Noem's Future On Capitol Hill
November 3, 2010, 5:55 PM
SIOUX FALLS, SD -
Kristi Noem is riding a wave of Republican dominance that's changed the political landscape on Capitol Hill. Noem defeated Democratic incumbent Stephanie Herseth Sandlin for South Dakota's lone U.S. House seat. We look at what Noem's election could mean to South Dakota over the next two years.
Political analysts and voters alike will closely follow Noem's first few weeks and months in office. An Augustana College political science professor says being in the new majority party in the House bodes well for Noem's political future.
Noem's success on Election Night could vault her into a plumb appointment as a subcommittee chair in the U.S. House.

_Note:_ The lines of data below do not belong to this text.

lemma steiner_card_Int_less:
  assumes S: "steiner t k n N B" and "b \<in> B" "b' \<in> B" "b \<noteq> b'"
  shows "card (b \<inter> b') < t"
proof (rule ccontr)
  assume "\<not> ?thesis"
  then obtain T where T: "T \<subseteq> b \<inter> b'" "card T = t"
    by (meson not_less obtain_subset_with_card_n)
  have "T \<subseteq> N"
    using T(1) steiner_blocks(3)[OF S \<open>b \<in> B\<close>] by blast
  then have "\<exists>!c. c \<in> B \<and> T \<subseteq> c"
    using S T(2) unfolding steiner_def by simp
  moreover have "b \<in> B \<and> T \<subseteq> b" "b' \<in> B \<and> T \<subseteq> b'"
    using assms(2,3) T(1) by auto
  ultimately show False
    using \<open>b \<noteq> b'\<close> by (metis (no_types, lifting))
qed

lemma card_covered_subsets:
  assumes "finite B" and blocks: "\<And>b. b \<in> B \<Longrightarrow> finite b \<and> card b = k"
    and packing: "\<And>b b'. b \<in> B \<Longrightarrow> b' \<in> B \<Longrightarrow> b \<noteq> b' \<Longrightarrow> card (b \<inter> b') < t"
  shows "card (\<Union>b\<in>B. {T. T \<subseteq> b \<and> card T = t}) = card B * (k choose t)"
proof -
  have disjoint: "{T. T \<subseteq> b \<and> card T = t} \<inter> {T. T \<subseteq> b' \<and> card T = t} = {}"
    if "b \<in> B" "b' \<in> B" "b \<noteq> b'" for b b'
  proof -
    have "card T < t" if "T \<subseteq> b \<inter> b'" for T
      using card_mono[OF _ that] blocks[OF \<open>b \<in> B\<close>] packing[OF \<open>b \<in> B\<close> \<open>b' \<in> B\<close> \<open>b \<noteq> b'\<close>]
      by simp
    then show ?thesis by blast
  qed
  have "card (\<Union>b\<in>B. {T. T \<subseteq> b \<and> card T = t}) = (\<Sum>b\<in>B. card {T. T \<subseteq> b \<and> card T = t})"
  proof (rule card_UN_disjoint)
    show "\<forall>b\<in>B. finite {T. T \<subseteq> b \<and> card T = t}"
      using blocks by simp
  qed (use \<open>finite B\<close> disjoint in blast)+
  also have "\<dots> = card B * (k choose t)"
    using blocks by (simp add: n_subsets)
  finally show ?thesis .
qed

lemma steiner_card_blocks:
  assumes S: "steiner t k n N B"
  shows "card B * (k choose t) = n choose t"
proof -
  note N = steiner_blocks(1,2)[OF S]
  have blocks: "finite b \<and> card b = k" if "b \<in> B" for b
    using steiner_blocks(3,4)[OF S that] N(1) finite_subset by blast
  have "(\<Union>b\<in>B. {T. T \<subseteq> b \<and> card T = t}) = {T. T \<subseteq> N \<and> card T = t}"
  proof
    show "{T. T \<subseteq> N \<and> card T = t} \<subseteq> (\<Union>b\<in>B. {T. T \<subseteq> b \<and> card T = t})"
    proof
      fix T assume "T \<in> {T. T \<subseteq> N \<and> card T = t}"
      then have "T \<subseteq> N" "card T = t" by simp_all
      moreover obtain b where "b \<in> B" "T \<subseteq> b"
        by (rule steiner_covers[OF S calculation])
      ultimately show "T \<in> (\<Union>b\<in>B. {T. T \<subseteq> b \<and> card T = t})" by blast
    qed
  qed (use steiner_blocks(3)[OF S] in blast)
  moreover have "card (\<Union>b\<in>B. {T. T \<subseteq> b \<and> card T = t}) = card B * (k choose t)"
    using finite_steiner_blocks[OF S] blocks steiner_card_Int_less[OF S]
    by (rule card_covered_subsets)
  ultimately show ?thesis
    using N by (simp add: n_subsets)
qed

lemma steiner_if_packing:
  assumes N: "finite N" "card N = n" and blocks: "\<And>b. b \<in> B \<Longrightarrow> b \<subseteq> N \<and> card b = k"
    and packing: "\<And>b b'. b \<in> B \<Longrightarrow> b' \<in> B \<Longrightarrow> b \<noteq> b' \<Longrightarrow> card (b \<inter> b') < t"
    and card_B: "card B * (k choose t) = n choose t"
  shows "steiner t k n N B"
proof -
  let ?covered = "\<Union>b\<in>B. {T. T \<subseteq> b \<and> card T = t}"
  have "B \<subseteq> Pow N"
    using blocks by blast
  then have "finite B"
    using N(1) by (simp add: finite_subset)
  moreover have finite_blocks: "finite b \<and> card b = k" if "b \<in> B" for b
    using blocks[OF that] N(1) finite_subset by blast
  ultimately have "card ?covered = card {T. T \<subseteq> N \<and> card T = t}"
    using card_covered_subsets[OF _ _ packing] card_B N by (simp add: n_subsets)
  moreover have "?covered \<subseteq> {T. T \<subseteq> N \<and> card T = t}"
    using blocks by blast
  ultimately have covered: "?covered = {T. T \<subseteq> N \<and> card T = t}"
    using N(1) by (intro card_subset_eq) simp_all
  have unique: "\<exists>!b. b \<in> B \<and> T \<subseteq> b" if "T \<subseteq> N" "card T = t" for T
  proof -
    have "T \<in> ?covered"
      using that covered by simp
    then obtain b where b: "b \<in> B" "T \<subseteq> b"
      by blast
    have "b' = b" if "b' \<in> B" "T \<subseteq> b'" for b'
    proof (rule ccontr)
      assume "b' \<noteq> b"
      moreover have "card T \<le> card (b' \<inter> b)"
        using b that finite_blocks by (intro card_mono) auto
      ultimately show False
        using packing[OF that(1) b(1)] \<open>card T = t\<close> by simp
    qed
    with b show ?thesis by blast
  qed
  show ?thesis
    unfolding steiner_def using N blocks unique by simp
qed

lemma card_steiner_blocks_eq:
  assumes "steiner t k n N B" "t \<le> k"
  shows "card B = (n choose t) div (k choose t)"
  using steiner_card_blocks[OF assms(1)] assms(2) by (metis nonzero_mult_div_cancel_right
      binomial_eq_0_iff not_less)

lemma finite_steiner_systems: "finite {B. steiner t k n N B}"
proof (cases "finite N")
  case True
  have "{B. steiner t k n N B} \<subseteq> Pow (Pow N)"
    using steiner_blocks(3) by blast
  with True show ?thesis
    by (simp add: finite_subset)
next
  case False
  then show ?thesis
    unfolding steiner_def by simp
qed

section \<open>Constant-weight words\<close>

definition supp :: "nat list \<Rightarrow> nat set" where
  "supp x = {i. i < length x \<and> x ! i \<noteq> 0}"

lemma J_memD:
  assumes "x \<in> J q n w"
  shows "length x = n" "i < n \<Longrightarrow> x ! i < q" "supp x \<subseteq> {0..<n}" "card (supp x) = w"
proof -
  show "length x = n" "card (supp x) = w"
    using assms unfolding J_def wt_def supp_def by auto
  show "i < n \<Longrightarrow> x ! i < q"
    using assms nth_mem[of i x] unfolding J_def by fastforce
  show "supp x \<subseteq> {0..<n}"
    using assms unfolding J_def supp_def by auto
qed

lemma finite_supp: "finite (supp x)"
  unfolding supp_def by simp

lemma hdist_constant_weight:
  assumes x: "x \<in> J q n w" and y: "y \<in> J q n w"
  shows "hdist x y + 2 * card (supp x \<inter> supp y) =
    2 * w + card {i \<in> supp x \<inter> supp y. x ! i \<noteq> y ! i}"
proof -
  let ?I = "supp x \<inter> supp y" and ?U = "supp x \<union> supp y"
  have "{i. i < length x \<and> x ! i \<noteq> y ! i} = (?U - ?I) \<union> {i \<in> ?I. x ! i \<noteq> y ! i}"
    using J_memD(1)[OF x] J_memD(1)[OF y] unfolding supp_def by auto
  then have "hdist x y = card (?U - ?I) + card {i \<in> ?I. x ! i \<noteq> y ! i}"
    unfolding hdist_def by (simp only:) (rule card_Un_disjoint; auto simp: finite_supp)
  moreover have "card (?U - ?I) + card ?I = card ?U"
    using card_Int_Diff[of ?U ?I] by (simp add: finite_supp Int_absorb1 Int_lower1 le_supI1)
  moreover have "card ?U + card ?I = 2 * w"
    using card_Un_Int[OF finite_supp finite_supp, of x y] J_memD(4)[OF x] J_memD(4)[OF y] by simp
  ultimately show ?thesis by linarith
qed

lemma constant_weight_dist_ge_iff:
  assumes x: "x \<in> J q n w" and y: "y \<in> J q n w"
  shows "2 * w - 2 \<le> hdist x y \<longleftrightarrow> card (supp x \<inter> supp y) \<le> 2 \<and>
    (card (supp x \<inter> supp y) = 2 \<longrightarrow> (\<forall>i \<in> supp x \<inter> supp y. x ! i \<noteq> y ! i))"
proof -
  let ?I = "supp x \<inter> supp y"
  let ?E = "{i \<in> ?I. x ! i \<noteq> y ! i}"
  have "finite ?I" "?E \<subseteq> ?I"
    by (auto simp: finite_supp)
  then have "card ?E \<le> card ?I" and "card ?E = card ?I \<longleftrightarrow> ?E = ?I"
    using card_subset_eq[of ?I ?E] card_mono[of ?I ?E] by auto
  moreover have "?E = ?I \<longleftrightarrow> (\<forall>i \<in> ?I. x ! i \<noteq> y ! i)"
    by blast
  moreover have "card ?I \<le> w"
    using card_mono[OF finite_supp, of ?I x] J_memD(4)[OF x] by simp
  ultimately show ?thesis
    using hdist_constant_weight[OF x y] by auto
qed

section \<open>Codes from Steiner systems and back\<close>

lemma finite_derived_blocks: "finite B \<Longrightarrow> finite (derived_blocks B x)"
  unfolding derived_blocks_def by simp

lemma code_supp_Int:
  assumes C: "is_code q n w (2 * w - 2) M C" and "x \<in> C" "y \<in> C" "x \<noteq> y"
  shows "card (supp x \<inter> supp y) \<le> 2"
    and "card (supp x \<inter> supp y) = 2 \<Longrightarrow> i \<in> supp x \<inter> supp y \<Longrightarrow> x ! i \<noteq> y ! i"
proof -
  have "x \<in> J q n w" "y \<in> J q n w" "2 * w - 2 \<le> hdist x y"
    using C assms(2-4) unfolding is_code_def by auto
  then show "card (supp x \<inter> supp y) \<le> 2"
    and "card (supp x \<inter> supp y) = 2 \<Longrightarrow> i \<in> supp x \<inter> supp y \<Longrightarrow> x ! i \<noteq> y ! i"
    using constant_weight_dist_ge_iff by blast+
qed

lemma inj_on_supp_code:
  assumes "3 \<le> w" and C: "is_code q n w (2 * w - 2) M C"
  shows "inj_on supp C"
proof (rule inj_onI, rule ccontr)
  fix x y assume "x \<in> C" "y \<in> C" "supp x = supp y" "x \<noteq> y"
  moreover have "card (supp x) = w"
    using C \<open>x \<in> C\<close> J_memD(4) unfolding is_code_def by blast
  ultimately show False
    using code_supp_Int(1)[OF C] \<open>3 \<le> w\<close> by fastforce
qed

lemma steiner_of_code:
  assumes "3 \<le> w" and C: "is_code q n w (2 * w - 2) M C"
    and M: "M * (w choose 3) = n choose 3"
  shows "steiner 3 w n {0..<n} (supp ` C)"
proof (rule steiner_if_packing)
  show "b \<subseteq> {0..<n} \<and> card b = w" if "b \<in> supp ` C" for b
    using that C J_memD(3,4) unfolding is_code_def by blast
  show "card (b \<inter> b') < 3" if "b \<in> supp ` C" "b' \<in> supp ` C" "b \<noteq> b'" for b b'
    using that code_supp_Int(1)[OF C] by fastforce
  have "card C = M"
    using C unfolding is_code_def by simp
  then show "card (supp ` C) * (w choose 3) = n choose 3"
    using M card_image[OF inj_on_supp_code[OF assms(1,2)]] by simp
qed simp_all

lemma derived_blocks_supp_code:
  assumes "inj_on supp C" "d \<in> derived_blocks (supp ` C) p"
  obtains x where "x \<in> C" "p \<in> supp x" "d = supp x - {p}"
    "the_inv_into C supp (insert p d) = x"
proof -
  obtain x where x: "x \<in> C" "p \<in> supp x" "d = supp x - {p}"
    using assms(2) unfolding derived_blocks_def by blast
  then have "insert p d = supp x" by blast
  with x the_inv_into_f_f[OF assms(1)] that show ?thesis by simp
qed

text \<open>Two codewords whose supports contain \<open>p\<close> and one more common point differ at \<open>p\<close>,
  so the entry at \<open>p\<close> (shifted down by one, as it is nonzero) colours the derived system.\<close>

lemma block_colouring_code_entries:
  assumes "3 \<le> w" and C: "is_code q n w (2 * w - 2) M C"
  shows "block_colouring 2 (derived_blocks (supp ` C) p) (q - 1)
    (\<lambda>d. the_inv_into C supp (insert p d) ! p - 1)"
    (is "block_colouring 2 ?D (q - 1) ?f")
proof -
  note inj = inj_on_supp_code[OF assms]
  have entry: "0 < x ! i \<and> x ! i < q" if "x \<in> C" "i \<in> supp x" for x i
    using that C J_memD(2,3) unfolding is_code_def supp_def by fastforce
  show ?thesis
    unfolding block_colouring_def
  proof (intro conjI ballI impI)
    fix d assume "d \<in> ?D"
    then obtain x where "x \<in> C" "p \<in> supp x" "?f d = x ! p - 1"
      by (rule derived_blocks_supp_code[OF inj]) simp
    with entry show "?f d < q - 1" by fastforce
  next
    fix d d' assume "d \<in> ?D" "d' \<in> ?D" and same: "d \<noteq> d' \<and> ?f d = ?f d'"
    then obtain x y where x: "x \<in> C" "p \<in> supp x" "d = supp x - {p}" "?f d = x ! p - 1"
      and y: "y \<in> C" "p \<in> supp y" "d' = supp y - {p}" "?f d' = y ! p - 1"
      by (metis derived_blocks_supp_code[OF inj])
    have "x ! p - 1 = y ! p - 1"
      using same x(4) y(4) by simp
    then have "x ! p = y ! p"
      using entry[OF x(1,2)] entry[OF y(1,2)] by linarith
    have "x \<noteq> y"
      using x y same by blast
    show "card (d \<inter> d') \<le> 2 - 2"
    proof (rule ccontr)
      assume "\<not> ?thesis"
      then obtain j where j: "j \<in> d \<inter> d'"
        by (metis all_not_in_conv card.empty diff_self_eq_0 order_refl)
      then have "{p, j} \<subseteq> supp x \<inter> supp y" "p \<noteq> j"
        using x y by auto
      then have "2 \<le> card (supp x \<inter> supp y)"
        using card_mono[OF _ \<open>{p, j} \<subseteq> _\<close>] finite_supp by fastforce
      then show False
        using code_supp_Int[OF C x(1) y(1) \<open>x \<noteq> y\<close>] x(2) y(2) \<open>x ! p = y ! p\<close> by fastforce
    qed
  qed
qed

lemma chi_derived_blocks_code_less:
  assumes "3 \<le> w" and C: "is_code q n w (2 * w - 2) M C" and "C \<noteq> {}"
  shows "chi 2 (derived_blocks (supp ` C) p) < q"
proof -
  obtain x where x: "x \<in> C" "x \<in> J q n w"
    using \<open>C \<noteq> {}\<close> C unfolding is_code_def by blast
  then obtain i where "i \<in> supp x"
    using J_memD(4) \<open>3 \<le> w\<close> by fastforce
  then have "0 < q"
    using x J_memD(2,3) by fastforce
  moreover have "chi 2 (derived_blocks (supp ` C) p) \<le> q - 1"
    using block_colouring_code_entries[OF assms(1,2)] by (rule chi_le)
  ultimately show ?thesis by linarith
qed

definition block_word :: "(nat \<Rightarrow> nat set \<Rightarrow> nat) \<Rightarrow> nat \<Rightarrow> nat set \<Rightarrow> nat list" where
  "block_word F n b = map (\<lambda>i. if i \<in> b then Suc (F i (b - {i})) else 0) [0..<n]"

lemma length_block_word [simp]: "length (block_word F n b) = n"
  unfolding block_word_def by simp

"That tends to happen, especially when you win a seat that had in the past been a fairly secure seat for the other party and sometimes you get some notice," Augustana College political science professor Brent Lerseth said.
Lerseth says Noem will be an advocate for bringing federal dollars to South Dakota, despite running as a fiscal conservative who was critical of wasteful stimulus spending.
"And she's already said for example that she'd want to make sure that we maintain funding for Ellsworth and some of those things too, so whereas other states may look at that and say those funds would be better used in our states for our projects, I think she's going to continue to say that for South Dakota as well," Lerseth said.
Lerseth says while Noem will try to position herself to champion issues important to South Dakota like agriculture, she'll run into the hard political reality that Democrats are still in charge of the Senate and White House.
"And so anything that you're really supporting or your party's supporting is going to have to be understood as one that has to be at least a compromise position to have any chance of passing," Lerseth said.
But all Congressional newcomers face a legislative learning curve, so Noem will have to do her homework.
"There's obviously a huge transition going from the state legislature to Congress and a reality sets in very quickly that you're one vote among 435," Lerseth said.
Lerseth says Independent House candidate B. Thomas Marking likely took votes away from both Noem and Stephanie Herseth Sandlin. Lerseth says Marking's surprisingly strong finish may force both parties to look at ways to appeal to Independent voters.